DATA >>
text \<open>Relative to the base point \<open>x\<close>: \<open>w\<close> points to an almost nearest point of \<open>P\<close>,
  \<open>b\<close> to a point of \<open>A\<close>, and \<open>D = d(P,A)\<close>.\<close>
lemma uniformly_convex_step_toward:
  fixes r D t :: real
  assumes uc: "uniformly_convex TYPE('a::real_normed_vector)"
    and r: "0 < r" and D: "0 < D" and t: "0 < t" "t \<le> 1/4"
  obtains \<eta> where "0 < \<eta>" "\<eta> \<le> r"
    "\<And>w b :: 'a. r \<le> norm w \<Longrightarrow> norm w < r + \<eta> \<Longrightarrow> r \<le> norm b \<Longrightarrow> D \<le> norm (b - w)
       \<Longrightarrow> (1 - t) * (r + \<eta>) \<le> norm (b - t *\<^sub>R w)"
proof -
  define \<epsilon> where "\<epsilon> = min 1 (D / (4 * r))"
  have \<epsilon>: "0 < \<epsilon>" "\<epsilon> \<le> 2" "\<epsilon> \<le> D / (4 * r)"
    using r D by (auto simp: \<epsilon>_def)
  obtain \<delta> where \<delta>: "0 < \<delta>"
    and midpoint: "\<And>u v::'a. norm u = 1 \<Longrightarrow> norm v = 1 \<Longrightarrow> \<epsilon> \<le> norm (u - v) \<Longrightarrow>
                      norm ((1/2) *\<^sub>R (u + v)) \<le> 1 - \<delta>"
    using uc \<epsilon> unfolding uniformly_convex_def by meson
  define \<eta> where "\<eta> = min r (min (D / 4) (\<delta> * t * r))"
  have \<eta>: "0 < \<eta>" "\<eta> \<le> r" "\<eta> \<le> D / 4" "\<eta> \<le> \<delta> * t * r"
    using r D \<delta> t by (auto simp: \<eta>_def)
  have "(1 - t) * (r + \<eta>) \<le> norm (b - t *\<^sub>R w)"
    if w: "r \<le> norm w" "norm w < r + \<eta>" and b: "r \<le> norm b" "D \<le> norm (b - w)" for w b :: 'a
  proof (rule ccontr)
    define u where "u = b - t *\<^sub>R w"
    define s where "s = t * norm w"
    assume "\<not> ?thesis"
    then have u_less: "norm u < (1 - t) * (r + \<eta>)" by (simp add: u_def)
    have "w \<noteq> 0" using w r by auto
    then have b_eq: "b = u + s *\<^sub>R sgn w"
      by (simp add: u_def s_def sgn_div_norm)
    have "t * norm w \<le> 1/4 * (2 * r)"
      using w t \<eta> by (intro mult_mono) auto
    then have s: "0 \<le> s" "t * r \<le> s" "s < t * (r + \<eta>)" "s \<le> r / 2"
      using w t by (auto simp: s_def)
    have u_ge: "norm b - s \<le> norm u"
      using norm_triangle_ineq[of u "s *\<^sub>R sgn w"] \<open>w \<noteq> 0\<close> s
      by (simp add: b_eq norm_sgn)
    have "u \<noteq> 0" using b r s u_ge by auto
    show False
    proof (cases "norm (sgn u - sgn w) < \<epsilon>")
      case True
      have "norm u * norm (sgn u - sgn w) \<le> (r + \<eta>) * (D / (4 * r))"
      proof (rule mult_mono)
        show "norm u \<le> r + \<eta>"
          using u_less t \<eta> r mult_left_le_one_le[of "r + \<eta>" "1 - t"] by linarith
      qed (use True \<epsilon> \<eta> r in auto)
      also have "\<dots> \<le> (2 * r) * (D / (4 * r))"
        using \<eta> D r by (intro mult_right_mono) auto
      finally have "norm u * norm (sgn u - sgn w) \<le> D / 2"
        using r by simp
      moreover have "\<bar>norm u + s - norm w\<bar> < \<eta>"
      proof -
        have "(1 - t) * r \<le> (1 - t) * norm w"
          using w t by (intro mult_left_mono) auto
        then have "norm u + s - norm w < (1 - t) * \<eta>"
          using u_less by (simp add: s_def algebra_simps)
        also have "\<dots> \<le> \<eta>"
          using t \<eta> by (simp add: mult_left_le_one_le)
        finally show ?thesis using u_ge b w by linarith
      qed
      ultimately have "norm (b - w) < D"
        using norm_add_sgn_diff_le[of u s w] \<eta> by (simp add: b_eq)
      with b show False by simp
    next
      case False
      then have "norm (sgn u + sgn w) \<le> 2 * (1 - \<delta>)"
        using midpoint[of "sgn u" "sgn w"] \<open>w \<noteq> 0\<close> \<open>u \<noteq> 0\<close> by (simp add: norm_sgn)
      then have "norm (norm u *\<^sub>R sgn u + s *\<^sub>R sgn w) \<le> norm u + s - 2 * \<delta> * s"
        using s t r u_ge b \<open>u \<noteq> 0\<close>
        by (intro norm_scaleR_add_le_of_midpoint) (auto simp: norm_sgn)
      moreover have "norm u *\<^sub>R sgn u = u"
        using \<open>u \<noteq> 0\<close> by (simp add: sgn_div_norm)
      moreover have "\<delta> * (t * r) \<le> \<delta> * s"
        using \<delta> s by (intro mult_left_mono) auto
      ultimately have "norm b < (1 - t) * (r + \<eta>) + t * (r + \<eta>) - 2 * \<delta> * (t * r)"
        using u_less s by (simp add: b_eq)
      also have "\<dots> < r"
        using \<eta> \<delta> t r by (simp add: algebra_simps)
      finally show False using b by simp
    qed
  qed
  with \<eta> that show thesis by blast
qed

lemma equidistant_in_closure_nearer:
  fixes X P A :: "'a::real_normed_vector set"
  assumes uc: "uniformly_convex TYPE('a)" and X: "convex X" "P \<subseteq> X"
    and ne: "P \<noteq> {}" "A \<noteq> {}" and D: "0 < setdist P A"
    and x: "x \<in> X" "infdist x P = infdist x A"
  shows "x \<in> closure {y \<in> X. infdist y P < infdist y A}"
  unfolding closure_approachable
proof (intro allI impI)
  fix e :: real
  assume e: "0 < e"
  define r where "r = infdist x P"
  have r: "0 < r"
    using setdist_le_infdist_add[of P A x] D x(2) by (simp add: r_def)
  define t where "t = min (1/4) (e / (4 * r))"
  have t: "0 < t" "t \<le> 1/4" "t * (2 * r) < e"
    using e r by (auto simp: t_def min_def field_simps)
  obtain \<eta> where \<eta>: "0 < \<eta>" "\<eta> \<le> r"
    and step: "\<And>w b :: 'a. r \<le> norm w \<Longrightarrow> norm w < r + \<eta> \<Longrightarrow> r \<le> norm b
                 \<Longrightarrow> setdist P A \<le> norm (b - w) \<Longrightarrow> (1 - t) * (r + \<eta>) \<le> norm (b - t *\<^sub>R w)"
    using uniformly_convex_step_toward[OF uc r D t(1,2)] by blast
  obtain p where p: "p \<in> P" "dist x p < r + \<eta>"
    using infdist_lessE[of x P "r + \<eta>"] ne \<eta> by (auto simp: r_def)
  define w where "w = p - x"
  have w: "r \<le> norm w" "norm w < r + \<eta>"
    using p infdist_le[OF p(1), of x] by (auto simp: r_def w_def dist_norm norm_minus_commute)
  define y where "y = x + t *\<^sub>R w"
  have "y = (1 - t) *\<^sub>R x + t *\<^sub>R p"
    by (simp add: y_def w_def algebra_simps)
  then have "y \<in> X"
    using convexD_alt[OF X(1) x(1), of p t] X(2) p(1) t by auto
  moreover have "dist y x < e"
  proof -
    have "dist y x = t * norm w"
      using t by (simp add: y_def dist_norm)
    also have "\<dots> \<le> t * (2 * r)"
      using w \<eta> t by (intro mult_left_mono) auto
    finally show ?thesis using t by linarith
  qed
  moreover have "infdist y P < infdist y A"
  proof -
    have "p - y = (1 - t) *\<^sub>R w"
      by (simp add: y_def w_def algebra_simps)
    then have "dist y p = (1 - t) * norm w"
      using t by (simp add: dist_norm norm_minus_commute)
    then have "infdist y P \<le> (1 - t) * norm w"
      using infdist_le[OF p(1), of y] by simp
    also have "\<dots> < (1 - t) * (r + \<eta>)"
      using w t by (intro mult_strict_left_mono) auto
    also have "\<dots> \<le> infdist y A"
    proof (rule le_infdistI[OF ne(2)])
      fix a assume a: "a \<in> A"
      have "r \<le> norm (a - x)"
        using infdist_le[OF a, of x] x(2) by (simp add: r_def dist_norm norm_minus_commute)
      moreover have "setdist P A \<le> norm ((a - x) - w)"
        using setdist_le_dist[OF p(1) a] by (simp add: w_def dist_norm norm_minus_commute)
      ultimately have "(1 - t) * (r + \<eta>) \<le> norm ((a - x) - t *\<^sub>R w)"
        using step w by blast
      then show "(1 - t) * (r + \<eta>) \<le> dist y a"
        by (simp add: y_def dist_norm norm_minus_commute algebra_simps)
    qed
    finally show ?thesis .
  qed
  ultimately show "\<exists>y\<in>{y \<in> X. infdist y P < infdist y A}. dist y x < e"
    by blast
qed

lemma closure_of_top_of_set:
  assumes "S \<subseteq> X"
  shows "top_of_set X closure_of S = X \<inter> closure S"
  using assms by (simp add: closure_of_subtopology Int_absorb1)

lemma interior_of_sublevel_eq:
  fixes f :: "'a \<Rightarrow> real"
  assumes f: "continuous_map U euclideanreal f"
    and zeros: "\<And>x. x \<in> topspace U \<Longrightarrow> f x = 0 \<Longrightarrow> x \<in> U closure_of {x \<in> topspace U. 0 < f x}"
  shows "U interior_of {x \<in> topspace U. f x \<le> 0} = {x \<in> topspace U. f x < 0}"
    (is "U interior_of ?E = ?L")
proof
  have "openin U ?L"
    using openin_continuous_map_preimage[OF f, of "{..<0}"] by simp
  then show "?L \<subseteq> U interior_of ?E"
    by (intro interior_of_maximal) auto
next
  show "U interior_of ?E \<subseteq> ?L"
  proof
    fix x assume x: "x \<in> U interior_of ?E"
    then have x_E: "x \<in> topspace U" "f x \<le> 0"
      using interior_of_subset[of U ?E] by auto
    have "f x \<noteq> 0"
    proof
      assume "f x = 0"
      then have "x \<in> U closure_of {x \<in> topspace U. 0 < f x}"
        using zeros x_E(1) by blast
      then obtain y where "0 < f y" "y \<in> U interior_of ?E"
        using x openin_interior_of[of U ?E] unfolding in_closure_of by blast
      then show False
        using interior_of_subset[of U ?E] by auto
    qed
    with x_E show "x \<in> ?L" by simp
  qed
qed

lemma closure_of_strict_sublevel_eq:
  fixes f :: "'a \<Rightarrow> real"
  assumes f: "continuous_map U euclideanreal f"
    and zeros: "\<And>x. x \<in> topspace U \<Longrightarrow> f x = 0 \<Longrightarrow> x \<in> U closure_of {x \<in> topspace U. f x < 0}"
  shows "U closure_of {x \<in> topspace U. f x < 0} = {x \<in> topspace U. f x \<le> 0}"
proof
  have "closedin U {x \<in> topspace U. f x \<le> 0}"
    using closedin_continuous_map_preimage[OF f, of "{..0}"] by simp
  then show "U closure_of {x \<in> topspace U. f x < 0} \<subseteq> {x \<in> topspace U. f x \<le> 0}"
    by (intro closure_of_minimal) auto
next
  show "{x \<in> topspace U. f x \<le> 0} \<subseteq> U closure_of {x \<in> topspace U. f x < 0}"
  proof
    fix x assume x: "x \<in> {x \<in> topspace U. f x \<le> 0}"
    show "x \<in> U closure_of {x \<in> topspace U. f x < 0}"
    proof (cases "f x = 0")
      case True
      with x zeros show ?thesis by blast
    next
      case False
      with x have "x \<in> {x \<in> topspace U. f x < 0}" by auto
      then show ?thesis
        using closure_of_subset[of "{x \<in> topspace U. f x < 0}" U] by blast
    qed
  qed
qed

BRIEF >> Would you return each line of the material above, unchanged, from the first one through the line where "using w t by (auto simp: s_def)" appears?

RESPONSE TO THE TASK >>
text \<open>Relative to the base point \<open>x\<close>: \<open>w\<close> points to an almost nearest point of \<open>P\<close>,
  \<open>b\<close> to a point of \<open>A\<close>, and \<open>D = d(P,A)\<close>.\<close>
lemma uniformly_convex_step_toward:
  fixes r D t :: real
  assumes uc: "uniformly_convex TYPE('a::real_normed_vector)"
    and r: "0 < r" and D: "0 < D" and t: "0 < t" "t \<le> 1/4"
  obtains \<eta> where "0 < \<eta>" "\<eta> \<le> r"
    "\<And>w b :: 'a. r \<le> norm w \<Longrightarrow> norm w < r + \<eta> \<Longrightarrow> r \<le> norm b \<Longrightarrow> D \<le> norm (b - w)
       \<Longrightarrow> (1 - t) * (r + \<eta>) \<le> norm (b - t *\<^sub>R w)"
proof -
  define \<epsilon> where "\<epsilon> = min 1 (D / (4 * r))"
  have \<epsilon>: "0 < \<epsilon>" "\<epsilon> \<le> 2" "\<epsilon> \<le> D / (4 * r)"
    using r D by (auto simp: \<epsilon>_def)
  obtain \<delta> where \<delta>: "0 < \<delta>"
    and midpoint: "\<And>u v::'a. norm u = 1 \<Longrightarrow> norm v = 1 \<Longrightarrow> \<epsilon> \<le> norm (u - v) \<Longrightarrow>
                      norm ((1/2) *\<^sub>R (u + v)) \<le> 1 - \<delta>"
    using uc \<epsilon> unfolding uniformly_convex_def by meson
  define \<eta> where "\<eta> = min r (min (D / 4) (\<delta> * t * r))"
  have \<eta>: "0 < \<eta>" "\<eta> \<le> r" "\<eta> \<le> D / 4" "\<eta> \<le> \<delta> * t * r"
    using r D \<delta> t by (auto simp: \<eta>_def)
  have "(1 - t) * (r + \<eta>) \<le> norm (b - t *\<^sub>R w)"
    if w: "r \<le> norm w" "norm w < r + \<eta>" and b: "r \<le> norm b" "D \<le> norm (b - w)" for w b :: 'a
  proof (rule ccontr)
    define u where "u = b - t *\<^sub>R w"
    define s where "s = t * norm w"
    assume "\<not> ?thesis"
    then have u_less: "norm u < (1 - t) * (r + \<eta>)" by (simp add: u_def)
    have "w \<noteq> 0" using w r by auto
    then have b_eq: "b = u + s *\<^sub>R sgn w"
      by (simp add: u_def s_def sgn_div_norm)
    have "t * norm w \<le> 1/4 * (2 * r)"
      using w t \<eta> by (intro mult_mono) auto
    then have s: "0 \<le> s" "t * r \<le> s" "s < t * (r + \<eta>)" "s \<le> r / 2"
      using w t by (auto simp: s_def)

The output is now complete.